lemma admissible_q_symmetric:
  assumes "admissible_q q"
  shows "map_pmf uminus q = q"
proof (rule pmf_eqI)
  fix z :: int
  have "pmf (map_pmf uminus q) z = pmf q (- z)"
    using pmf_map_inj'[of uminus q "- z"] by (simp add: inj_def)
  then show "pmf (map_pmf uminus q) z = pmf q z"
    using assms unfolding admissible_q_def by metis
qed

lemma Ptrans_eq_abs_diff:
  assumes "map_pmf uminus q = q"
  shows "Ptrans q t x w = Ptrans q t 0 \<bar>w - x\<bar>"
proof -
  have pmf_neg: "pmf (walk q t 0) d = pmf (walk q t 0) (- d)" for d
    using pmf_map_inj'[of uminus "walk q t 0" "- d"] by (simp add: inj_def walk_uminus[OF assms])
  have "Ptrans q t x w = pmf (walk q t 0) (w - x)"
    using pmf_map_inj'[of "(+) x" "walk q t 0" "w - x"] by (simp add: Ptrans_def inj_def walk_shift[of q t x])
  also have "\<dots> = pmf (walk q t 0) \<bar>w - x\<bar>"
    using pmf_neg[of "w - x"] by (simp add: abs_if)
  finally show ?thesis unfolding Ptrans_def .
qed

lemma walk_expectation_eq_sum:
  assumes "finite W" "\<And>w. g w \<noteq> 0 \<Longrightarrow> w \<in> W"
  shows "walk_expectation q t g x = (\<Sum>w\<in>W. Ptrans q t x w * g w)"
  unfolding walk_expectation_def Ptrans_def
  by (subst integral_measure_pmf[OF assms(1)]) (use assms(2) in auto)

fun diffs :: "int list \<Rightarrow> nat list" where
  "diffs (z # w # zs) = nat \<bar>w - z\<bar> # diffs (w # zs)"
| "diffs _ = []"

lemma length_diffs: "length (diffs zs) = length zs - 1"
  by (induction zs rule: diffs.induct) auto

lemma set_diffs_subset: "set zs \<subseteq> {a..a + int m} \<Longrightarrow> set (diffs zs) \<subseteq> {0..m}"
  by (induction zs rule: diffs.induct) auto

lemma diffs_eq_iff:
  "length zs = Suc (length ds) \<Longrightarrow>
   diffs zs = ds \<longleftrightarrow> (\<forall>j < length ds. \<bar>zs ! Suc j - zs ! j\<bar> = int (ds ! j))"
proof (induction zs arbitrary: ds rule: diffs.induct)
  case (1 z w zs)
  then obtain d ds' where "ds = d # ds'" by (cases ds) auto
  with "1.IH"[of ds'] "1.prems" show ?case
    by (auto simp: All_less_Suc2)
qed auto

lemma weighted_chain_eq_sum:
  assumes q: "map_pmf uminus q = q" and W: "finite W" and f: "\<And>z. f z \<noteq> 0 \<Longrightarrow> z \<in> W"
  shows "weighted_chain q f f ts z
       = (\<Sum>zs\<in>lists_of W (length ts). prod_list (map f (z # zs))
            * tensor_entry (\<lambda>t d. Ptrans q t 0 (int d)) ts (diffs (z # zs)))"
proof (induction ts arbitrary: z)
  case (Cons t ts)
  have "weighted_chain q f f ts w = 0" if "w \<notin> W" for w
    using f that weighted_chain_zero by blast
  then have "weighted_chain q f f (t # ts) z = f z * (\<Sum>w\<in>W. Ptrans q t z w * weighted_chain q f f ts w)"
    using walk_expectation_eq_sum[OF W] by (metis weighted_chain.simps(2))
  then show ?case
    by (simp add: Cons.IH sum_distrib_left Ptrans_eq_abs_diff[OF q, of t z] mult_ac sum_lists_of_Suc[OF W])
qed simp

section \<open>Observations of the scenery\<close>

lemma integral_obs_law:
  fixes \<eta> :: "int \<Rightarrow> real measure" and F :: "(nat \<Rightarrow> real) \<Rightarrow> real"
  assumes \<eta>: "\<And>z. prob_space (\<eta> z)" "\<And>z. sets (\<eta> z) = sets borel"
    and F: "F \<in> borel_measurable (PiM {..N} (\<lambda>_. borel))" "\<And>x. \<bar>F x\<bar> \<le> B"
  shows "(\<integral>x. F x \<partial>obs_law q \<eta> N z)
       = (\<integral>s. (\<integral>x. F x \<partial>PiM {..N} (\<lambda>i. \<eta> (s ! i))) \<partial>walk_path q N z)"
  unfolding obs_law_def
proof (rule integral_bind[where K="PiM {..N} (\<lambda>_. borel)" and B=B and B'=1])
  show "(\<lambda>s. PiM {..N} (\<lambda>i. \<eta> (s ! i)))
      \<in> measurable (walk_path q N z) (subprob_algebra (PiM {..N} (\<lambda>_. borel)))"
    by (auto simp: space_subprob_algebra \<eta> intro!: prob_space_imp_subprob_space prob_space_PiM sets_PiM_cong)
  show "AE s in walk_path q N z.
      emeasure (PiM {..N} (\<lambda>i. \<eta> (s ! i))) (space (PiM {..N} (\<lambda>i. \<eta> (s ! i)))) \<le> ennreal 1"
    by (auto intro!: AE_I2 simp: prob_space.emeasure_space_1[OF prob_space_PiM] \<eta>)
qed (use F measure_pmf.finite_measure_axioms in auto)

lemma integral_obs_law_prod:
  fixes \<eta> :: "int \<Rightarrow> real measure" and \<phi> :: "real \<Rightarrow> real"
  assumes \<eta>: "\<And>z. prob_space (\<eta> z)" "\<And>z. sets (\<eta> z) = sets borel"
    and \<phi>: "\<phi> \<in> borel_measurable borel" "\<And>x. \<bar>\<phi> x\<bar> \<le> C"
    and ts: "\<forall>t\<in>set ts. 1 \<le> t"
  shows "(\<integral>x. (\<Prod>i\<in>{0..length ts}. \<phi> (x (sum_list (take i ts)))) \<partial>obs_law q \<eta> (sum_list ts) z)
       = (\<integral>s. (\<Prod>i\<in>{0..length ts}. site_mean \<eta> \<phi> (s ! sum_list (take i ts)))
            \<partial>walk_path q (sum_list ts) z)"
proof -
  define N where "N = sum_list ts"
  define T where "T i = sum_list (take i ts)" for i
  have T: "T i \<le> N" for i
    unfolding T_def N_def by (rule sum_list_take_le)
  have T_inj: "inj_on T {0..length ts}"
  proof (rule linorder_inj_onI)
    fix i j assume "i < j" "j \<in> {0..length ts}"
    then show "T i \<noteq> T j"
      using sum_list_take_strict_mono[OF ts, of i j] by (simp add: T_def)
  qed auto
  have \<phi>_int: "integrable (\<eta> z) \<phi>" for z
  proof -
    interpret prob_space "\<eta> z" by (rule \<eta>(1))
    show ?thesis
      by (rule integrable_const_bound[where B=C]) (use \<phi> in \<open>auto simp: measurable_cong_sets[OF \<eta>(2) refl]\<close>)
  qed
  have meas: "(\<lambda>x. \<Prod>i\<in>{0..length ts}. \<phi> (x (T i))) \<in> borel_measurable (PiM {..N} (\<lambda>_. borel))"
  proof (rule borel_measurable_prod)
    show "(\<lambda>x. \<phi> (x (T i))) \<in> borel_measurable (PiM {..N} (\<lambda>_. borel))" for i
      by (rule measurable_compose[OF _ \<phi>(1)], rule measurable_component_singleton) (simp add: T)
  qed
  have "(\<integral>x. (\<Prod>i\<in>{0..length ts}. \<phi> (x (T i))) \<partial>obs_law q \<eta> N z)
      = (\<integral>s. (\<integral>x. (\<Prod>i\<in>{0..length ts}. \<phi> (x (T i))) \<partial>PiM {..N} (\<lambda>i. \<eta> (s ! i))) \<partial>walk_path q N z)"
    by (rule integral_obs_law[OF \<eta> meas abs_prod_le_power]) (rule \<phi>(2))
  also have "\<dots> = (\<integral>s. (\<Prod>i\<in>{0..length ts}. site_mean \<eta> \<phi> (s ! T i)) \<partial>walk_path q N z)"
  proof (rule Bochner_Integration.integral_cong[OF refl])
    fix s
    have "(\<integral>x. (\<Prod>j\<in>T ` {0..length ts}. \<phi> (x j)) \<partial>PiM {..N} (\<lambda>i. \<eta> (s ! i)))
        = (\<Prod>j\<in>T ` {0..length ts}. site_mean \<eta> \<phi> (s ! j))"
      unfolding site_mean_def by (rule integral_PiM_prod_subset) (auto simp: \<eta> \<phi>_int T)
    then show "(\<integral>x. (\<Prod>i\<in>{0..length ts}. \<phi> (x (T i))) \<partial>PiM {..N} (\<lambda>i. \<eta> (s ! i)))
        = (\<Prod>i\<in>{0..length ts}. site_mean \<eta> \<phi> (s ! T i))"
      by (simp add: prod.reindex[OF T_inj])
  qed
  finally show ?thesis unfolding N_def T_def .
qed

----------

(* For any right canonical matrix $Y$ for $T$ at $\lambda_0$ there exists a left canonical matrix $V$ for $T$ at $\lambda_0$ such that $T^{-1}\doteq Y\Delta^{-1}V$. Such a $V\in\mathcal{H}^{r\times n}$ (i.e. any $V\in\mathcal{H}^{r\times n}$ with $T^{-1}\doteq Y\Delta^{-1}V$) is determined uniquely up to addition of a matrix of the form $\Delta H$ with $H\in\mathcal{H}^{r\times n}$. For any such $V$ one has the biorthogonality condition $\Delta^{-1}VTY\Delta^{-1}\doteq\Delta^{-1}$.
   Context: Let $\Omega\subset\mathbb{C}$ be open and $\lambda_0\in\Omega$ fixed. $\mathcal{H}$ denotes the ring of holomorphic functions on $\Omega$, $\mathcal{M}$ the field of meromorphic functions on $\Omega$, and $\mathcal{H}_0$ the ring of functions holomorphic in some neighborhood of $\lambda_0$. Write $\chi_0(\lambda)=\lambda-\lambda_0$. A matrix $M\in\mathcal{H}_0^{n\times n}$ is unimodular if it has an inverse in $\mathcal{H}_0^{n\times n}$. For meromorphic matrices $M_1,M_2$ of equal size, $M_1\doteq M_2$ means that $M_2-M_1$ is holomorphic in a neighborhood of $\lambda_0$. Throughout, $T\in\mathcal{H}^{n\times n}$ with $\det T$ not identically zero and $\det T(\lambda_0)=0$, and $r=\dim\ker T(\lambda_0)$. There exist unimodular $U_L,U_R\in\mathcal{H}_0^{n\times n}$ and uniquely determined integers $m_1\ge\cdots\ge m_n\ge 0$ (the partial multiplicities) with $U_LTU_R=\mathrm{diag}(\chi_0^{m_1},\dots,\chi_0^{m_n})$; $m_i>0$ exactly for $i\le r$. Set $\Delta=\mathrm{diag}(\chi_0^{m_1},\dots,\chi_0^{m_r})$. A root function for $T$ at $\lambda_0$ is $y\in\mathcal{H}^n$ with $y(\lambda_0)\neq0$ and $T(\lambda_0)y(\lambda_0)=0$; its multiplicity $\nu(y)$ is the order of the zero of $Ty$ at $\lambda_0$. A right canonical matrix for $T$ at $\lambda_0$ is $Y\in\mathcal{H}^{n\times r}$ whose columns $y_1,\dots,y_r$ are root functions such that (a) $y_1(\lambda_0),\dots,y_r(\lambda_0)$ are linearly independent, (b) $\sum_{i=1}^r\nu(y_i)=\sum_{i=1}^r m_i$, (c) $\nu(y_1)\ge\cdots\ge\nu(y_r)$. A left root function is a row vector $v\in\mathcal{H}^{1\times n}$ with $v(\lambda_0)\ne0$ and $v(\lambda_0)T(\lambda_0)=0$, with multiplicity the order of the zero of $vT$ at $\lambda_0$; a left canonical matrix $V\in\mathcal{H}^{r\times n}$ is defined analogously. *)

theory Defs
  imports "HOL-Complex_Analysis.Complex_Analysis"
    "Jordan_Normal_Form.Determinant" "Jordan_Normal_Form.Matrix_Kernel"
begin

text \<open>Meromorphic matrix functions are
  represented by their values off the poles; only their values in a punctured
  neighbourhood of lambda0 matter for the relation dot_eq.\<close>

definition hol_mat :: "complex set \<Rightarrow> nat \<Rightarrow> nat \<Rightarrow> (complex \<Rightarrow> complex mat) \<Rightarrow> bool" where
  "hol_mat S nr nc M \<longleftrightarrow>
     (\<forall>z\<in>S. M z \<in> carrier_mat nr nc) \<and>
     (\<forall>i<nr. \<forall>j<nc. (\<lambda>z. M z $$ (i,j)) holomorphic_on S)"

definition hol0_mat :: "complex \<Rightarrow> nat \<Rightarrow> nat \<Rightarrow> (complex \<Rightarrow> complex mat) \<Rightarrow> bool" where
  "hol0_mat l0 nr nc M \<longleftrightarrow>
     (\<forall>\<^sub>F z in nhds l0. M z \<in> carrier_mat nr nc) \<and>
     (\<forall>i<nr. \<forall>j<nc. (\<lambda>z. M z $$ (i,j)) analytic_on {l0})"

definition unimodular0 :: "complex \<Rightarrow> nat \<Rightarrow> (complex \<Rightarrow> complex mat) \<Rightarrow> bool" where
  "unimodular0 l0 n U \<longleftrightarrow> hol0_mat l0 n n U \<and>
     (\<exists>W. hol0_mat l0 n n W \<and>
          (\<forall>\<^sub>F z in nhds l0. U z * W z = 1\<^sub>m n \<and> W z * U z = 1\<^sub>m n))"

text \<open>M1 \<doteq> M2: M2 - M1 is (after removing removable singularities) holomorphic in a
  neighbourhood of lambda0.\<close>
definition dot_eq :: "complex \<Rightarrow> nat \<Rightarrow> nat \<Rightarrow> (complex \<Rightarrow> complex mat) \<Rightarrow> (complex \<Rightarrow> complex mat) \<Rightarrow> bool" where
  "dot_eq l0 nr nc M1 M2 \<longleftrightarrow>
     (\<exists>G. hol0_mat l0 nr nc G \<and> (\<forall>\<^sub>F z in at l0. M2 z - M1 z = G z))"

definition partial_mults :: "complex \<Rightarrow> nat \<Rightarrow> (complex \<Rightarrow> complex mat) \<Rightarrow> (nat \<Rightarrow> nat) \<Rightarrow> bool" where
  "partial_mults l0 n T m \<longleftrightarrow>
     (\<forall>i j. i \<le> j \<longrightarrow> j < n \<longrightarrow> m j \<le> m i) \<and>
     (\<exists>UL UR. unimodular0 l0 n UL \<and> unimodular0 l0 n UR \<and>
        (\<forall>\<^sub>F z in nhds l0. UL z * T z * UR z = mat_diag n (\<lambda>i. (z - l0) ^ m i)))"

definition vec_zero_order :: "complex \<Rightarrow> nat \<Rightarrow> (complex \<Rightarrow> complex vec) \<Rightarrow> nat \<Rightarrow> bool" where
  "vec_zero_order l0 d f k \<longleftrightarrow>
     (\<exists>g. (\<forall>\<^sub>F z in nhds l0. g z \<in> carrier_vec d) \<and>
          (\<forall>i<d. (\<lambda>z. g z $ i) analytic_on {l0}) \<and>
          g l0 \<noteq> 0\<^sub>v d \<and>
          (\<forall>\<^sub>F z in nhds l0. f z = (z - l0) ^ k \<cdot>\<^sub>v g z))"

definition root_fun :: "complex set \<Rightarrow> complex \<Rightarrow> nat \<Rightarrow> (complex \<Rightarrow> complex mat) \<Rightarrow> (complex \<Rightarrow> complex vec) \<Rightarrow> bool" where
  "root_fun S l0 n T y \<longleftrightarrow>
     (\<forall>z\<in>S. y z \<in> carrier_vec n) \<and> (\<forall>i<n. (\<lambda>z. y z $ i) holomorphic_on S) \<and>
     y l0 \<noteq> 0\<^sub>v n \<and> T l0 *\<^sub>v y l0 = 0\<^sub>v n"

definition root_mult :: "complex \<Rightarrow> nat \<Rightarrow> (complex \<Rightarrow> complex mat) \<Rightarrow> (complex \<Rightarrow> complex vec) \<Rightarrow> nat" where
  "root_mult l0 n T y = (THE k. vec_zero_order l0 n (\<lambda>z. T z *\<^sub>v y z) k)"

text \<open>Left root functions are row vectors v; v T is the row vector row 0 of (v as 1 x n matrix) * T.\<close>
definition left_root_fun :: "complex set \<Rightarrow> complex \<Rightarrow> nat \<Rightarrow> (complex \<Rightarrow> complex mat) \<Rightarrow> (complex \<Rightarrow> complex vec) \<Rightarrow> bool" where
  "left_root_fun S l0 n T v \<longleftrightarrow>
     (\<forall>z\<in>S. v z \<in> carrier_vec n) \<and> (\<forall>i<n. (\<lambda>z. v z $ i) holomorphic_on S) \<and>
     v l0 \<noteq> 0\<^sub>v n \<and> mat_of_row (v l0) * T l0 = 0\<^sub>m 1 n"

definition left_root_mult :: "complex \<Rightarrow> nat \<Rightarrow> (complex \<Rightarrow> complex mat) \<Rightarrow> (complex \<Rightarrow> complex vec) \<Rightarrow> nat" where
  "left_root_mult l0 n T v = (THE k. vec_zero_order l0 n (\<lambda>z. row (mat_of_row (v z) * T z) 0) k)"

----------

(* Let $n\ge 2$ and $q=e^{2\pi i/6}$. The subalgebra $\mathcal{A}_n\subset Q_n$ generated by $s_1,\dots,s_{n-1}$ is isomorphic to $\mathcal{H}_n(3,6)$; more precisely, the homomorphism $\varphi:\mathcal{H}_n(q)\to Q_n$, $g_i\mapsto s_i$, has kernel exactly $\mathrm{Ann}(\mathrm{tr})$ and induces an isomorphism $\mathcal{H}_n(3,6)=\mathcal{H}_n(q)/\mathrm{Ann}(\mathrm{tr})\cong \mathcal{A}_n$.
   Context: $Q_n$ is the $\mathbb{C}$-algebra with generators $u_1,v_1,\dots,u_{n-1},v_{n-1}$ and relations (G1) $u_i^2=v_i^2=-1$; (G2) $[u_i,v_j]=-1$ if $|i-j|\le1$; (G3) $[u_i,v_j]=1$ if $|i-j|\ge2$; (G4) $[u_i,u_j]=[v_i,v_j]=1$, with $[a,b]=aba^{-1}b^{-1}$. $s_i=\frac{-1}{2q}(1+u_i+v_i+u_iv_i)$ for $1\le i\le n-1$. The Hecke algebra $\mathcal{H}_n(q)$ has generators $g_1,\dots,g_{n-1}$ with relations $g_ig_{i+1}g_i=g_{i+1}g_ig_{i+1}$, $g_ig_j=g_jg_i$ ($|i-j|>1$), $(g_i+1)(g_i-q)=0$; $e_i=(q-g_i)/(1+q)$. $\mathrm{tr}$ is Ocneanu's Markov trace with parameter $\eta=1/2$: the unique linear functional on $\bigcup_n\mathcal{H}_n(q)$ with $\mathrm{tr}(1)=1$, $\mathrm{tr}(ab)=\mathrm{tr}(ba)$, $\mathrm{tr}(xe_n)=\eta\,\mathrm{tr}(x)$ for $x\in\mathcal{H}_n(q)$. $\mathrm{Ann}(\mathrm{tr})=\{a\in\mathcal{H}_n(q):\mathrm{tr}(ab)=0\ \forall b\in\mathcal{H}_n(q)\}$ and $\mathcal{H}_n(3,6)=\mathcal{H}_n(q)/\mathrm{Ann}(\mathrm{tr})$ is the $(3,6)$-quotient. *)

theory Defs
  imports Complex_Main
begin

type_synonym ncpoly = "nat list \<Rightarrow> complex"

----------

[WHAT THIS TASK INVOLVES] State how many lines in the listing above contain "refl". Nothing else is needed.

[SOLUTION FOR THIS EXERCISE] 2